Think twice about ever accepting a eGreeting card as this FREEBEE often harbor you no good will... I got two this week that set off my Norton Anti-virus program and one did a parasite hidden install. So I looked online for some alerts on this knowing the scumbags roosting in the affiliate networks love to use any means to dupe users into installing their adware/spywarez crap.
"But now virus writers, mass marketers, and porn Web sites are taking advantage of the e-greeting trend to infiltrate computers.
A company called Email PI, for example, is marketing a software product that uses a phoney e-greeting to secretly installs surveillance or "spyware" on the receipient's computer.
Once an unsuspecting recipient opens the digital greeting, a key-logger begins copying passwords, recording instant messaging sessions, and copying e-mails. All that data is sent back to the Email PI client.
The Web site for Email PI even states it can record phone conversations if the subject has a voice modem attached to his or her computer.

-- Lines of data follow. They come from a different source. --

(* Let $G=(V,E)$ be a connected graph with at least two nodes and let $P_{\mathrm{FSTAB}}(G)=\{\bm{x}\in\mathbb{R}^V: x_u+x_v\le 1 \text{ for all } uv\in E,\ \bm{x}\ge\bm{0}\}$, with circuits taken with respect to this linear description. Then $\mathcal{CD}(P_{\mathrm{FSTAB}}(G))=\mathcal{O}(\operatorname{diam}(G))$, i.e. there is an absolute constant $C$ (independent of $G$) with $\mathcal{CD}(P_{\mathrm{FSTAB}}(G))\le C\cdot \operatorname{diam}(G)$.
   Context: $\operatorname{diam}(G)=\max_{v\in V}\varepsilon(v)$, where the eccentricity $\varepsilon(v)$ is the maximum graph distance from $v$ to a node of $G$. Circuits: for a polytope $P=\{\bm{x}: A\bm{x}=\bm{b},\ B\bm{x}\le \bm{d}\}$ given by a fixed linear system, a nonzero vector $\bm{g}$ is a circuit of $P$ if $A\bm{g}=\bm{0}$ and $\operatorname{supp}(B\bm{g})$ is inclusion-minimal among the sets $\operatorname{supp}(B\bm{y})$ with $A\bm{y}=\bm{0}$, $\bm{y}\neq\bm{0}$. A point $\bm{x}''\in P$ is one circuit step from $\bm{x}'\in P$ if $\bm{x}''=\bm{x}'+\alpha\bm{c}$ for a circuit $\bm{c}$ and $\alpha>0$ maximal such that $\bm{x}'+\alpha\bm{c}\in P$. A circuit walk of length $l$ is a sequence $\bm{z}^0,\dots,\bm{z}^l$ in $P$ with each $\bm{z}^i$ one circuit step from $\bm{z}^{i-1}$; the circuit distance is the length of a shortest circuit walk from one point to another, and $\mathcal{CD}(P)$ is the maximum circuit distance over ordered pairs of vertices of $P$. *)

theory Defs
  imports Main "HOL-Library.Extended_Nat"
begin

definition graph :: "nat set \<Rightarrow> nat set set \<Rightarrow> bool" where
  "graph V E \<longleftrightarrow> finite V \<and> (\<forall>e\<in>E. e \<subseteq> V \<and> card e = 2)"

definition adj :: "nat set set \<Rightarrow> (nat \<times> nat) set" where
  "adj E = {(u, v). {u, v} \<in> E}"

definition connected_graph :: "nat set \<Rightarrow> nat set set \<Rightarrow> bool" where
  "connected_graph V E \<longleftrightarrow> (\<forall>u\<in>V. \<forall>v\<in>V. (u, v) \<in> (adj E)\<^sup>*)"

definition gdist :: "nat set set \<Rightarrow> nat \<Rightarrow> nat \<Rightarrow> nat" where
  "gdist E u v = (LEAST n. (u, v) \<in> (adj E) ^^ n)"

definition ecc :: "nat set \<Rightarrow> nat set set \<Rightarrow> nat \<Rightarrow> nat" where
  "ecc V E v = Max ((\<lambda>u. gdist E v u) ` V)"

definition diam :: "nat set \<Rightarrow> nat set set \<Rightarrow> nat" where
  "diam V E = Max (ecc V E ` V)"

text \<open>Points of R^V are functions nat => real vanishing outside V.
  A system is a row index set R with linear row functionals B r and right-hand sides d r;
  there are no equality constraints (A is empty).\<close>

type_synonym vec = "nat \<Rightarrow> real"

definition supported_on :: "nat set \<Rightarrow> vec \<Rightarrow> bool" where
  "supported_on V x \<longleftrightarrow> (\<forall>v. v \<notin> V \<longrightarrow> x v = 0)"

definition polyh :: "nat set \<Rightarrow> 'r set \<Rightarrow> ('r \<Rightarrow> vec \<Rightarrow> real) \<Rightarrow> ('r \<Rightarrow> real) \<Rightarrow> vec set" where
  "polyh V R B d = {x. supported_on V x \<and> (\<forall>r\<in>R. B r x \<le> d r)}"

definition suppB :: "'r set \<Rightarrow> ('r \<Rightarrow> vec \<Rightarrow> real) \<Rightarrow> vec \<Rightarrow> 'r set" where
  "suppB R B g = {r\<in>R. B r g \<noteq> 0}"

definition is_circuit :: "nat set \<Rightarrow> 'r set \<Rightarrow> ('r \<Rightarrow> vec \<Rightarrow> real) \<Rightarrow> vec \<Rightarrow> bool" where
  "is_circuit V R B g \<longleftrightarrow> supported_on V g \<and> g \<noteq> (\<lambda>_. 0) \<and>
     (\<forall>y. supported_on V y \<and> y \<noteq> (\<lambda>_. 0) \<and> suppB R B y \<subseteq> suppB R B g \<longrightarrow> suppB R B y = suppB R B g)"

definition circuit_step :: "nat set \<Rightarrow> 'r set \<Rightarrow> ('r \<Rightarrow> vec \<Rightarrow> real) \<Rightarrow> ('r \<Rightarrow> real) \<Rightarrow> vec \<Rightarrow> vec \<Rightarrow> bool" where
  "circuit_step V R B d x x' \<longleftrightarrow> x \<in> polyh V R B d \<and>
     (\<exists>c \<alpha>. is_circuit V R B c \<and> \<alpha> > 0 \<and> x' = (\<lambda>v. x v + \<alpha> * c v) \<and> x' \<in> polyh V R B d \<and>
        (\<forall>\<beta>>\<alpha>. (\<lambda>v. x v + \<beta> * c v) \<notin> polyh V R B d))"

definition circuit_walk :: "nat set \<Rightarrow> 'r set \<Rightarrow> ('r \<Rightarrow> vec \<Rightarrow> real) \<Rightarrow> ('r \<Rightarrow> real) \<Rightarrow> (nat \<Rightarrow> vec) \<Rightarrow> nat \<Rightarrow> bool" where
  "circuit_walk V R B d z l \<longleftrightarrow> (\<forall>i\<le>l. z i \<in> polyh V R B d) \<and>
     (\<forall>i<l. circuit_step V R B d (z i) (z (Suc i)))"

text \<open>circuit distance (infinity if no circuit walk exists)\<close>
definition circuit_dist :: "nat set \<Rightarrow> 'r set \<Rightarrow> ('r \<Rightarrow> vec \<Rightarrow> real) \<Rightarrow> ('r \<Rightarrow> real) \<Rightarrow> vec \<Rightarrow> vec \<Rightarrow> enat" where
  "circuit_dist V R B d x y =
     (INF l \<in> {l. \<exists>z. circuit_walk V R B d z l \<and> z 0 = x \<and> z l = y}. enat l)"

definition is_vertex :: "vec set \<Rightarrow> vec \<Rightarrow> bool" where
  "is_vertex P x \<longleftrightarrow> x \<in> P \<and>
     (\<forall>y\<in>P. \<forall>z\<in>P. \<forall>t::real. 0 < t \<and> t < 1 \<and> x = (\<lambda>v. t * y v + (1 - t) * z v) \<longrightarrow> y = z)"

definition circuit_diameter :: "nat set \<Rightarrow> 'r set \<Rightarrow> ('r \<Rightarrow> vec \<Rightarrow> real) \<Rightarrow> ('r \<Rightarrow> real) \<Rightarrow> enat" where
  "circuit_diameter V R B d =
     (SUP p \<in> {p. is_vertex (polyh V R B d) (fst p) \<and> is_vertex (polyh V R B d) (snd p)}.
        circuit_dist V R B d (fst p) (snd p))"

datatype frow = EdgeRow "nat set" | NonnegRow nat

definition fstab_rows :: "nat set \<Rightarrow> nat set set \<Rightarrow> frow set" where
  "fstab_rows V E = EdgeRow ` E \<union> NonnegRow ` V"

fun fstab_B :: "frow \<Rightarrow> vec \<Rightarrow> real" where
  "fstab_B (EdgeRow e) x = sum x e"
| "fstab_B (NonnegRow v) x = - x v"

fun fstab_d :: "frow \<Rightarrow> real" where
  "fstab_d (EdgeRow e) = 1"
| "fstab_d (NonnegRow v) = 0"

definition CD_FSTAB :: "nat set \<Rightarrow> nat set set \<Rightarrow> enat" where
  "CD_FSTAB V E = circuit_diameter V (fstab_rows V E) fstab_B fstab_d"

end

theory Submission
  imports Defs
begin

(* Root the graph at r and let N be the eccentricity of r, so N <= diam G.  A signing
   sigma in {-1,0,1}^V that alternates in sign along a tree towards r is a circuit of the
   description, and a maximal step along it can often be undone by a maximal step along
   -sigma.  Vertices of the polytope are half-integral, and 0/1 when no edge joins two
   vertices of the same breadth-first layer.  For c in {1/2, 1}, the alternating point of
   radius k takes the value c on the layers k, k-2, k-4, ... and 0 elsewhere.  From any
   vertex, one reversible step at the root and then one step per layer make x agree with
   the alternating point of growing radius on the ball of that radius.  The value c = 1 can
   only be blocked by a coordinate 1/2 or by an edge inside a layer, and then the walk
   restarts with c = 1/2 at radius 0; in a graph with such an edge, the alternating point for
   c = 1 and radius N is moreover shrunk layer by layer until an infeasible radius forces the
   same switch.  So all vertices reach one common point within 3N + 1 reversible steps, and
   any two are joined by a circuit walk of length at most 2 (3N + 1) <= 8N. *)

section \<open>Circuit walks through a common point\<close>

definition rev_circuit_step ::
  "nat set \<Rightarrow> 'r set \<Rightarrow> ('r \<Rightarrow> vec \<Rightarrow> real) \<Rightarrow> ('r \<Rightarrow> real) \<Rightarrow> vec \<Rightarrow> vec \<Rightarrow> bool" where
  "rev_circuit_step V R B d x y \<longleftrightarrow> circuit_step V R B d x y \<and> circuit_step V R B d y x"

lemma relpow_swap_if_sym:
  assumes "sym S" and "(a, b) \<in> S ^^ n"
  shows "(b, a) \<in> S ^^ n"
  using assms(2)
proof (induction n arbitrary: b)
  case (Suc n)
  then obtain c where "(a, c) \<in> S ^^ n" "(c, b) \<in> S" by (meson relpow_Suc_E)
  then show ?case using Suc.IH assms(1) by (meson relpow_Suc_I2 symD)
qed simp

lemma circuit_dist_le_relpow:
  assumes "x \<in> polyh V R B d"
    and "(x, y) \<in> {(a, b). rev_circuit_step V R B d a b} ^^ n"
  shows "circuit_dist V R B d x y \<le> enat n"
proof -
  obtain z where z: "z 0 = x" "z n = y" "\<forall>i<n. rev_circuit_step V R B d (z i) (z (Suc i))"
    using assms(2) unfolding relpow_fun_conv by auto
  have "z i \<in> polyh V R B d" if "i \<le> n" for i
    using that assms(1) z(1,3)
    by (cases i) (auto simp: rev_circuit_step_def circuit_step_def)
  then have "circuit_walk V R B d z n"
    using z(3) unfolding circuit_walk_def rev_circuit_step_def by auto
  then show ?thesis
    unfolding circuit_dist_def using z(1,2) by (auto intro!: INF_lower)
qed

lemma circuit_diameter_le_via_hub:
  assumes hub: "\<And>x. is_vertex (polyh V R B d) x \<Longrightarrow>
      \<exists>m\<le>n. (x, h) \<in> {(a, b). rev_circuit_step V R B d a b} ^^ m"
  shows "circuit_diameter V R B d \<le> enat (2 * n)"
  unfolding circuit_diameter_def
proof (rule SUP_least)
  let ?S = "{(a, b). rev_circuit_step V R B d a b}"
  fix p assume "p \<in> {p. is_vertex (polyh V R B d) (fst p) \<and> is_vertex (polyh V R B d) (snd p)}"
  then have x: "is_vertex (polyh V R B d) (fst p)" and y: "is_vertex (polyh V R B d) (snd p)"
    by auto
  obtain m1 where m1: "m1 \<le> n" "(fst p, h) \<in> ?S ^^ m1" using hub[OF x] by blast
  obtain m2 where m2: "m2 \<le> n" "(snd p, h) \<in> ?S ^^ m2" using hub[OF y] by blast
  have "sym ?S" by (auto intro: symI simp: rev_circuit_step_def)
  then have "(fst p, snd p) \<in> ?S ^^ (m1 + m2)"
    using relpow_trans[OF m1(2) relpow_swap_if_sym[OF _ m2(2)]] by blast
  then have "circuit_dist V R B d (fst p) (snd p) \<le> enat (m1 + m2)"
    using x unfolding is_vertex_def by (blast intro: circuit_dist_le_relpow)
  also have "\<dots> \<le> enat (2 * n)" using m1 m2 by simp
  finally show "circuit_dist V R B d (fst p) (snd p) \<le> enat (2 * n)" .
qed

section \<open>The fractional stable set polytope\<close>

lemma is_vertex_perturbation:
  assumes "is_vertex Q x" "(\<lambda>v. x v + e v) \<in> Q" "(\<lambda>v. x v - e v) \<in> Q"
  shows "e = (\<lambda>_. 0)"
proof -
  have extreme: "\<forall>y\<in>Q. \<forall>z\<in>Q. \<forall>t::real. 0 < t \<and> t < 1 \<and> x = (\<lambda>v. t * y v + (1 - t) * z v) \<longrightarrow> y = z"
    using assms(1) unfolding is_vertex_def by blast
  have "0 < (1/2::real) \<and> 1/2 < (1::real) \<and>
      x = (\<lambda>v. 1/2 * (x v + e v) + (1 - 1/2) * (x v - e v))"
    by (auto simp: field_simps)
  then have "(\<lambda>v. x v + e v) = (\<lambda>v. x v - e v)"
    by (rule extreme[rule_format, OF assms(2,3)])
  then show ?thesis by (force simp: fun_eq_iff)
qed

lemma finite_pos_lower_bound:
  fixes T :: "real set"
  assumes "finite T" "\<And>t. t \<in> T \<Longrightarrow> 0 < t"
  obtains \<epsilon> where "0 < \<epsilon>" "\<And>t. t \<in> T \<Longrightarrow> \<epsilon> \<le> t"
proof (cases "T = {}")
  case True
  then show ?thesis using that[of 1] by simp
next
  case False
  then show ?thesis using that[of "Min T"] assms by simp
qed

definition half_integral :: "vec \<Rightarrow> bool" where
  "half_integral x \<longleftrightarrow> (\<forall>v. x v = 0 \<or> x v = 1/2 \<or> x v = 1)"

definition zero_one :: "vec \<Rightarrow> bool" where
  "zero_one x \<longleftrightarrow> (\<forall>v. x v = 0 \<or> x v = 1)"

lemma zero_one_ne_half: "zero_one x \<Longrightarrow> x v \<noteq> 1/2"
  unfolding zero_one_def by (drule spec[of _ v]) auto

locale fstab_graph =
  fixes V :: "nat set" and E :: "nat set set"
  assumes graph: "graph V E"
    and connected: "connected_graph V E"
    and two_vertices: "2 \<le> card V"
begin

The site claims those conversations will be e-mailed to whoever is engaging in the surveillance.
SpyCop, a company that makes software to detect and removes spyware, says it is aware of the Email PI program and that its eponymous program will remove it from affected systems.
Greetings, You're Getting Pop-Up Porn
Other programmers are using the e-card phenomena to throw online advertisements for pornographic sites to the unsuspecting online surfer.
Security experts have recently discovered one such malicious marketing attempt with a trojan progam called Ortyc that arrives as an e-mail message, alerting the receiver that they have received an e-card at a bogus e-greeting card site.
The message links to the Web site, where a permission box pops up saying an extra program needs to be downloaded to view the card. Once that program is installed on the user's computer, it will pop-up advertisements for porn sites every time a user surfs the Web.
Anti-virus software makers have updated their programs to find and remove the Ortyc program.
There are still legitimate e-greeting cards out there, but overall, security experts say that users should take caution when opening such messages. As with any suspect e-mails, experts recommend that receivers of such e-greeting messages should personally contact the sender to verify that the e-mail was indeed sent by them."